S= (85 - 75)% of 4,40,000 = 10% of 4,40,000 = 44,000

T=(95 - 85)% of 4,40,000 = 10% of 4,40,000 =44,000

U=(100 95)% of 4,40,000 5% of 4,40,000 = 22,000

Now, we shall solve the questions.

Total number of cars of models P, Q and T manufactured in 2000

= (105000+ 52500 +52500) = 2,10,000.

 Sol.2.(b). Using the above calculation, the percentage change (rise/ fall) in production from 2000 to 2001 for various models is:

For P = [(176000-105000)/105000]× 100%= 67.62%, rise.

For Q = [(88000-52500)/52500]× 100%= 67.62%, rise.

For R= [(70000-66000)/70000]× 100%= 5.71%, fall.

For S = [(44000-35000)/35000]× 100%= 25.71%, rise.

For T = [(52500-44000)/52500]× 100%= 16.19%, fall.

For U = [(35000-22000)/35000]× 100%= 37.14%, fall.

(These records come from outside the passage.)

definition optimal :: "'n measure_op \<Rightarrow> nat \<Rightarrow> (nat \<Rightarrow> complex^'n) \<Rightarrow> (nat \<Rightarrow> complex^'n) \<Rightarrow> bool" where
  "optimal M N F G \<longleftrightarrow> is_dual N F G \<and>
     M1 M N F G = Inf {M1 M N F' G' | F' G'. is_dual N F' G'}"

text \<open>Frobenius norm: sqrt (tr (T* T)) = sqrt (sum over standard basis of |T e_j|^2).\<close>
definition frob_norm :: "'n::finite measure_op" where
  "frob_norm T = sqrt (\<Sum>j\<in>UNIV. (norm (T (axis j 1)))\<^sup>2)"

definition spectral_radius :: "'n::finite measure_op" where
  "spectral_radius T = Sup {cmod l | l. \<exists>x. x \<noteq> 0 \<and> T x = l *s x}"

definition numerical_radius :: "'n::finite measure_op" where
  "numerical_radius T = Sup {cmod (cinner (T f) f) | f. norm f = 1}"

end

theory Submission
  imports Defs
begin

text \<open>Every operator E_op {i} F G is the rank-one operator x \<mapsto> \<langle>x, f_i\<rangle> g_i. Each of the
  three measures dominates its trace |\<langle>g_i, f_i\<rangle>| and equals \<parallel>h\<parallel>^2 on x \<mapsto> \<langle>x, h\<rangle> h. For any dual
  pair the traces add up to n = tr id, so some index has trace at least n/N; the harmonic
  frame, which is its own dual with all \<parallel>h_k\<parallel>^2 = n/N, attains this bound, so the optimal value
  is n/N for all three measures. For a tight frame with bound A the canonical dual is
  f_i/A, so E_op {i} is positive and all three measures of it equal \<parallel>f_i\<parallel>^2/A. Hence
  each optimality condition says max_i \<parallel>f_i\<parallel>^2/A = n/N.\<close>

lemma cinner_add_left: "cinner (x + y) z = cinner x z + cinner y z"
  by (simp add: cinner_def sum.distrib ring_distribs)

lemma cinner_add_right: "cinner x (y + z) = cinner x y + cinner x z"
  by (simp add: cinner_def sum.distrib ring_distribs)

lemma cinner_scale_left: "cinner (c *s x) z = c * cinner x z"
  by (simp add: cinner_def sum_distrib_left mult.assoc)

lemma cinner_scale_right: "cinner x (c *s z) = cnj c * cinner x z"
  by (simp add: cinner_def sum_distrib_left mult_ac)

lemma cinner_sum_left: "cinner (\<Sum>i\<in>I. u i) z = (\<Sum>i\<in>I. cinner (u i) z)"
  unfolding cinner_def sum_component sum_distrib_right by (rule sum.swap)
lemma lojasiewicz_hom_eq_eval:
  assumes B: "csa_subalgebra V B" and loj: "lojasiewicz_prop V B"
    and hom: "ring_hom_to_real B (unit_on V) \<psi>" and "a \<in> V"
    and poly_eval: "\<And>p. polyfun p \<Longrightarrow> \<psi> (restr V p) = p a"
    and "f \<in> B"
  shows "\<psi> f = f a"
proof -
  have coord_B: "coord_ring V \<subseteq> B" and B_csa: "B \<subseteq> cont_semialg_funs V"
    and closed: "\<And>f g. f \<in> B \<Longrightarrow> g \<in> B \<Longrightarrow> (\<lambda>x. f x + g x) \<in> B \<and> (\<lambda>x. f x * g x) \<in> B"
    using B unfolding csa_subalgebra_def by auto
  define c where "c = restr V (\<lambda>_. - f a)"
  define g where "g = (\<lambda>x. f x + c x)"
  define h where "h = restr V (\<lambda>x. (dist x a)\<^sup>2)"
  have c_B: "c \<in> B" and h_B: "h \<in> B"
    unfolding c_def h_def using coord_B polyfun.const polyfun_dist_sq restr_in_coord_ring by blast+
  have g_B: "g \<in> B" unfolding g_def using closed \<open>f \<in> B\<close> c_B by blast
  have psi_g: "\<psi> g = \<psi> f - f a"
    unfolding g_def using ring_hom_to_real_add[OF hom \<open>f \<in> B\<close> c_B] poly_eval[OF polyfun.const]
    by (simp add: c_def)
  have psi_h: "\<psi> h = 0" unfolding h_def using poly_eval[OF polyfun_dist_sq] by simp
  have "zero_set V h \<subseteq> zero_set V g"
    using \<open>a \<in> V\<close> zero_set_dist_sq[OF \<open>a \<in> V\<close>]
    by (simp add: h_def zero_set_def g_def c_def restr_def)
  then obtain k N where k_B: "k \<in> B" and k: "\<forall>x\<in>V. g x ^ N = h x * k x"
    using loj h_B g_B unfolding lojasiewicz_prop_def by blast
  obtain M where N: "N = Suc M"
    using k \<open>a \<in> V\<close> by (cases N) (auto simp: h_def restr_def)
  have "(\<lambda>x. g x ^ N) = (\<lambda>x. h x * k x)"
  proof
    fix x
    show "g x ^ N = h x * k x"
    proof (cases "x \<in> V")
      case False
      then have "g x = 0" "h x = 0"
        using cont_semialg_funs_vanish B_csa g_B h_B by blast+
      then show ?thesis using N by simp
    qed (use k in blast)
  qed
  then have "\<psi> g ^ N = \<psi> h * \<psi> k"
    using ring_hom_to_real_power[OF hom _ g_B, of M] ring_hom_to_real_mult[OF hom h_B k_B]
      closed N by simp
  then have "\<psi> g = 0" using psi_h N by auto
  then show ?thesis using psi_g by simp
qed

Therefore percentage rise/fall is minimum for model R.

Sol.3.(a). Required difference = 88000- 52500= 35500

(Using calculations in the Solution of Q. 1)

Sol.4.(b). If the percentage production of P type cars in 2001 = percentage production of P type cars in 2000 30%,

then, number of P type cars produced in 2001 = 30% of 440000= 132000.

Sol.5.(c). Number of S type cars which remained unsold in 2000 =15% of 35000 and number of S type cars which remained unsold in 2001 = 15% of 44000.

Therefore total number of S type cars which remained unsold

=15% of (35000+44000)=15% of 79000=11850.